Extracted data entries
(* Let $A$ be a unital $C^*$-algebra and $a\in A$. (i) If $\rho(a^*,a)=0$, then $\sigma(a)\subset\mathbb R$. (ii) If $a$ is invertible and $\rho(a^*,a^{-1})=0$, then $\sigma(a)\subseteq\{\lambda\in\mathbb C:|\lambda|=1\}$.
   Context: For $a,b\in A$ and $n\geq 0$ put $C_{a,b}^n\mathbf 1=\sum_{k=0}^n(-1)^k\binom{n}{k}a^{n-k}b^k$ (with $a^0=b^0=\mathbf 1$), and $\rho(a,b)=\limsup_{n\to\infty}\|C_{a,b}^n\mathbf 1\|^{1/n}$. *)

theory Defs
  imports Complex_Main "HOL-Library.Liminf_Limsup" "HOL-Library.Extended_Real"
begin

class scaleC =
  fixes scaleC :: "complex \<Rightarrow> 'a \<Rightarrow> 'a" (infixr "*\<^sub>C" 75)

class complex_banach_algebra_1 = scaleC + real_normed_algebra_1 + banach +
  assumes scaleC_add_right: "c *\<^sub>C (x + y) = c *\<^sub>C x + c *\<^sub>C y"
    and scaleC_add_left: "(b + c) *\<^sub>C x = b *\<^sub>C x + c *\<^sub>C x"
    and scaleC_scaleC: "b *\<^sub>C (c *\<^sub>C x) = (b * c) *\<^sub>C x"
    and scaleC_one: "(1::complex) *\<^sub>C x = x"
    and scaleR_scaleC: "r *\<^sub>R x = complex_of_real r *\<^sub>C x"
    and norm_scaleC: "norm (c *\<^sub>C x) = cmod c * norm x"
    and mult_scaleC_left: "(c *\<^sub>C x) * y = c *\<^sub>C (x * y)"
    and mult_scaleC_right: "x * (c *\<^sub>C y) = c *\<^sub>C (x * y)"

class cstar_algebra = complex_banach_algebra_1 +
  fixes adj :: "'a \<Rightarrow> 'a"
  assumes adj_adj: "adj (adj x) = x"
    and adj_add: "adj (x + y) = adj x + adj y"
    and adj_mult: "adj (x * y) = adj y * adj x"
    and adj_scaleC: "adj (c *\<^sub>C x) = cnj c *\<^sub>C adj x"
    and cstar_identity: "norm (adj x * x) = (norm x)^2"

definition alg_invertible :: "'a::ring_1 \<Rightarrow> bool" where
  "alg_invertible x \<longleftrightarrow> (\<exists>y. x * y = 1 \<and> y * x = 1)"

definition alg_inv :: "'a::ring_1 \<Rightarrow> 'a" where
  "alg_inv x = (THE y. x * y = 1 \<and> y * x = 1)"

definition spectrum :: "'a::complex_banach_algebra_1 \<Rightarrow> complex set" where
  "spectrum a = {z. \<not> alg_invertible (z *\<^sub>C 1 - a)}"

definition Cpow1 :: "'a::ring_1 \<Rightarrow> 'a \<Rightarrow> nat \<Rightarrow> 'a" where
  "Cpow1 a b n = (\<Sum>k\<le>n. (-1)^k * of_nat (n choose k) * a^(n-k) * b^k)"

definition rho :: "'a::real_normed_algebra_1 \<Rightarrow> 'a \<Rightarrow> ereal" where
  "rho a b = limsup (\<lambda>n. ereal (root n (norm (Cpow1 a b n))))"

end

theory Submission
  imports Defs "HOL-Analysis.Analysis"
begin

text \<open>
  If \<open>a z \<approx> \<mu> z\<close> and \<open>q z \<approx> \<nu> z\<close> for the same unit vectors z, then
  \<open>z\<^sup>* a\<^sup>* \<approx> cnj \<mu> z\<^sup>*\<close>, and sandwiching \<open>C\<^sup>n 1\<close> (for the pair \<open>a\<^sup>*, q\<close>) between
  \<open>z\<^sup>*\<close> and z gives \<open>\<parallel>C\<^sup>n 1\<parallel> \<ge> \<bar>cnj \<mu> - \<nu>\<bar>\<^sup>n \<parallel>z\<^sup>* z\<parallel> = \<bar>cnj \<mu> - \<nu>\<bar>\<^sup>n\<close>, so
  \<open>\<bar>cnj \<mu> - \<nu>\<bar> \<le> \<rho>(a\<^sup>*, q)\<close>. Taking q = a, \<nu> = \<mu> shows that \<open>\<rho>(a\<^sup>*, a) = 0\<close> makes
  every approximate eigenvalue real; taking \<open>q = a\<inverse>\<close>, \<open>\<nu> = \<mu>\<inverse>\<close> (the same z works)
  shows that \<open>\<rho>(a\<^sup>*, a\<inverse>) = 0\<close> forces \<open>cnj \<mu> = \<mu>\<inverse>\<close>, i.e. \<open>\<bar>\<mu>\<bar> = 1\<close>.
  Boundary points of the closed set \<open>\<sigma>(a)\<close> are approximate eigenvalues, and a segment from a
  point of \<open>\<sigma>(a)\<close> off the real line (off the unit circle) to a suitable point of the resolvent
  set meets the boundary of \<open>\<sigma>(a)\<close> at a point that is still off the line (off the circle).
\<close>

lemma scaleC_zero_right [simp]: "c *\<^sub>C (0::'a::complex_banach_algebra_1) = 0"
proof -
  have "c *\<^sub>C (0::'a) = c *\<^sub>C 0 + c *\<^sub>C 0" using scaleC_add_right[of c "0::'a" 0] by simp
  then show ?thesis by simp
qed

lemma scaleC_zero_left [simp]: "0 *\<^sub>C (x::'a::complex_banach_algebra_1) = 0"
proof -
  have "0 *\<^sub>C x = 0 *\<^sub>C x + 0 *\<^sub>C x" using scaleC_add_left[of 0 0 x] by simp
  then show ?thesis by simp
qed

lemma scaleC_minus_right: "c *\<^sub>C (- x) = - (c *\<^sub>C (x::'a::complex_banach_algebra_1))"
proof -
  have "c *\<^sub>C (- x) + c *\<^sub>C x = 0" using scaleC_add_right[of c "- x" x] by simp
  then show ?thesis by (simp add: eq_neg_iff_add_eq_0)
qed

lemma scaleC_diff_right: "c *\<^sub>C (x - y) = c *\<^sub>C x - c *\<^sub>C (y::'a::complex_banach_algebra_1)"
  by (simp only: diff_conv_add_uminus scaleC_add_right scaleC_minus_right)

lemma scaleC_minus_left: "(- c) *\<^sub>C x = - (c *\<^sub>C (x::'a::complex_banach_algebra_1))"
proof -
  have "(- c) *\<^sub>C x + c *\<^sub>C x = 0" using scaleC_add_left[of "- c" c x] by simp
  then show ?thesis by (simp add: eq_neg_iff_add_eq_0)
qed

lemma scaleC_diff_left: "(b - c) *\<^sub>C x = b *\<^sub>C x - c *\<^sub>C (x::'a::complex_banach_algebra_1)"
  using scaleC_add_left[of b "- c" x] scaleC_minus_left[of c x] by simp

lemma scaleC_sum_left: "sum f A *\<^sub>C (x::'a::complex_banach_algebra_1) = (\<Sum>i\<in>A. f i *\<^sub>C x)"
  by (induction A rule: infinite_finite_induct) (auto simp: scaleC_add_left)

lemma of_real_mult_eq_scaleC: "of_real r * (x::'a::complex_banach_algebra_1) = complex_of_real r *\<^sub>C x"
  by (simp add: of_real_def mult_scaleC_left scaleR_scaleC)

lemma alg_invertibleI: "x * y = 1 \<Longrightarrow> y * x = 1 \<Longrightarrow> alg_invertible x"
  unfolding alg_invertible_def by blast

lemma alg_invertible_mult:
  fixes x y :: "'a::ring_1"
  assumes "alg_invertible x" "alg_invertible y"
  shows "alg_invertible (x * y)"
proof -
  obtain x' where x: "x * x' = 1" "x' * x = 1" using assms(1) unfolding alg_invertible_def by blast
  obtain y' where y: "y * y' = 1" "y' * y = 1" using assms(2) unfolding alg_invertible_def by blast
  have "x * y * (y' * x') = x * (y * y') * x'" "y' * x' * (x * y) = y' * (x' * x) * y"
    by (simp_all add: mult.assoc)
  then show ?thesis using x y by (intro alg_invertibleI) simp_all
qed

lemma alg_invertible_uminus: "alg_invertible (x::'a::ring_1) \<Longrightarrow> alg_invertible (- x)"
  unfolding alg_invertible_def by (metis minus_mult_minus)

lemma alg_inv:
  fixes a :: "'a::ring_1"
  assumes "alg_invertible a"
  shows "a * alg_inv a = 1 \<and> alg_inv a * a = 1"
  unfolding alg_inv_def
proof (rule theI')
  obtain y where y: "a * y = 1" "y * a = 1" using assms unfolding alg_invertible_def by blast
  have "y' = y" if "y' * a = 1" for y'
  proof -
    have "y' = y' * (a * y)" using y by simp
    also have "\<dots> = y" by (simp only: mult.assoc[symmetric] that mult_1_left)
    finally show ?thesis .
  qed
  then show "\<exists>!y. a * y = 1 \<and> y * a = 1" using y by blast
qed

lemma alg_invertible_one_minus:
  fixes w :: "'a::complex_banach_algebra_1"
  assumes "norm w < 1"
  shows "alg_invertible (1 - w)"
proof -
  have summable: "summable (\<lambda>n. w ^ n)"
    by (rule summable_comparison_test[of _ "\<lambda>n. norm w ^ n"])
       (auto intro!: summable_geometric norm_power_ineq simp: assms)
  have telescope: "(\<lambda>n. w ^ n - w ^ Suc n) sums 1"
    using telescope_sums[OF tendsto_minus[OF summable_LIMSEQ_zero[OF summable]]] by simp
  have "(1 - w) * (\<Sum>n. w ^ n) = (\<Sum>n. (1 - w) * w ^ n)"
    by (rule suminf_mult[OF summable, symmetric])
  also have "\<dots> = (\<Sum>n. w ^ n - w ^ Suc n)" by (simp add: algebra_simps)
  finally have "(1 - w) * (\<Sum>n. w ^ n) = (\<Sum>n. w ^ n - w ^ Suc n)" .
  moreover have "(\<Sum>n. w ^ n) * (1 - w) = (\<Sum>n. w ^ n * (1 - w))"
    by (rule suminf_mult2[OF summable])
  then have "(\<Sum>n. w ^ n) * (1 - w) = (\<Sum>n. w ^ n - w ^ Suc n)"
    by (simp add: algebra_simps power_commutes)
  ultimately show ?thesis
    using sums_unique[OF telescope] by (intro alg_invertibleI) simp_all
qed

lemma one_le_norm_inverse_mult_dist:
  fixes x y y' :: "'a::complex_banach_algebra_1"
  assumes "\<not> alg_invertible x" and y: "y * y' = 1" "y' * y = 1"
  shows "1 \<le> norm y' * norm (x - y)"
proof (rule ccontr)
  assume "\<not> 1 \<le> norm y' * norm (x - y)"
  moreover have "norm (y' * (y - x)) \<le> norm y' * norm (x - y)"
    using norm_mult_ineq[of y' "y - x"] by (simp add: norm_minus_commute)
  ultimately have "alg_invertible (1 - y' * (y - x))"
    by (intro alg_invertible_one_minus) simp
  moreover have "1 - y' * (y - x) = y' * x" by (simp add: algebra_simps y)
  moreover have "alg_invertible y" using y by (rule alg_invertibleI)
  ultimately have "alg_invertible (y * (y' * x))" by (simp add: alg_invertible_mult)
  then show False using assms(1) by (simp add: mult.assoc[symmetric] y)
qed

lemma exists_approx_zero_divisor:
  fixes x y y' :: "'a::complex_banach_algebra_1"
  assumes x: "\<not> alg_invertible x" and y: "y * y' = 1" "y' * y = 1"
  shows "\<exists>z. norm z = 1 \<and> norm (x * z) \<le> 2 * norm (x - y)"
proof -
  have big: "1 \<le> norm y' * norm (x - y)" by (rule one_le_norm_inverse_mult_dist[OF x y])
  then have pos: "0 < norm y'" by (cases "y' = 0") auto
  define z where "z = (1 / norm y') *\<^sub>R y'"
  have "norm (x * z) \<le> norm ((x - y) * z) + norm (y * z)"
    by (metis diff_add_cancel left_diff_distrib norm_triangle_ineq)
  also have "\<dots> \<le> norm (x - y) + 1 / norm y'"
    using norm_mult_ineq[of "x - y" z] pos by (simp add: z_def y)
  also have "1 / norm y' \<le> norm (x - y)" using big pos by (simp add: field_simps)
  finally show ?thesis using pos by (intro exI[of _ z]) (simp add: z_def)
qed

lemma diff_resolvent_eq: "(\<mu> *\<^sub>C 1 - a) - (\<nu> *\<^sub>C 1 - a) = (\<mu> - \<nu>) *\<^sub>C (1::'a::complex_banach_algebra_1)"
  by (simp add: scaleC_diff_left)

lemma cmod_le_norm_if_in_spectrum:
  fixes a :: "'a::complex_banach_algebra_1"
  assumes "\<mu> \<in> spectrum a"
  shows "cmod \<mu> \<le> norm a"
proof (cases "\<mu> = 0")
  case False
  have "1 \<le> norm (inverse \<mu> *\<^sub>C (1::'a)) * norm ((\<mu> *\<^sub>C 1 - a) - \<mu> *\<^sub>C 1)"
    using assms False unfolding spectrum_def
    by (intro one_le_norm_inverse_mult_dist) (simp_all add: mult_scaleC_left scaleC_scaleC scaleC_one)
  then show ?thesis using False by (simp add: norm_scaleC norm_divide field_simps)
qed simp

lemma zero_notin_spectrum: "alg_invertible a \<Longrightarrow> 0 \<notin> spectrum a"
  unfolding spectrum_def by (simp add: alg_invertible_uminus)

lemma closed_spectrum: "closed (spectrum (a::'a::complex_banach_algebra_1))"
  unfolding closed_def open_contains_ball
proof (intro ballI)
  fix \<nu> assume "\<nu> \<in> - spectrum a"
  then obtain y' where y: "(\<nu> *\<^sub>C 1 - a) * y' = 1" "y' * (\<nu> *\<^sub>C 1 - a) = 1"
    unfolding spectrum_def alg_invertible_def by blast
  then have pos: "0 < norm y'" by (cases "y' = 0") auto
  have "\<mu> \<notin> spectrum a" if "dist \<nu> \<mu> < 1 / norm y'" for \<mu>
  proof
    assume "\<mu> \<in> spectrum a"
    then have "1 \<le> norm y' * norm ((\<mu> *\<^sub>C 1 - a) - (\<nu> *\<^sub>C 1 - a))"
      by (intro one_le_norm_inverse_mult_dist[OF _ y]) (simp add: spectrum_def)
    then have "1 \<le> norm y' * cmod (\<mu> - \<nu>)"
      by (simp only: diff_resolvent_eq norm_scaleC norm_one mult_1_right)
    moreover have "norm y' * cmod (\<mu> - \<nu>) < 1"
      using that pos by (simp add: dist_commute dist_norm field_simps)
    ultimately show False by simp
  qed
  then show "\<exists>e>0. ball \<nu> e \<subseteq> - spectrum a" using pos by (intro exI[of _ "1 / norm y'"]) auto
qed

definition approx_eigenvalue :: "'a::complex_banach_algebra_1 \<Rightarrow> complex \<Rightarrow> bool" where
  "approx_eigenvalue a \<mu> \<longleftrightarrow> (\<forall>\<delta>>0. \<exists>z. norm z = 1 \<and> norm (a * z - \<mu> *\<^sub>C z) \<le> \<delta>)"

Problem
Filter the records above for lines with "moreover".

Exercise answer
  moreover have "(\<Sum>n. w ^ n) * (1 - w) = (\<Sum>n. w ^ n * (1 - w))"
  moreover have "norm (y' * (y - x)) \<le> norm y' * norm (x - y)"
  moreover have "1 - y' * (y - x) = y' * x" by (simp add: algebra_simps y)
  moreover have "alg_invertible y" using y by (rule alg_invertibleI)
    moreover have "norm y' * cmod (\<mu> - \<nu>) < 1"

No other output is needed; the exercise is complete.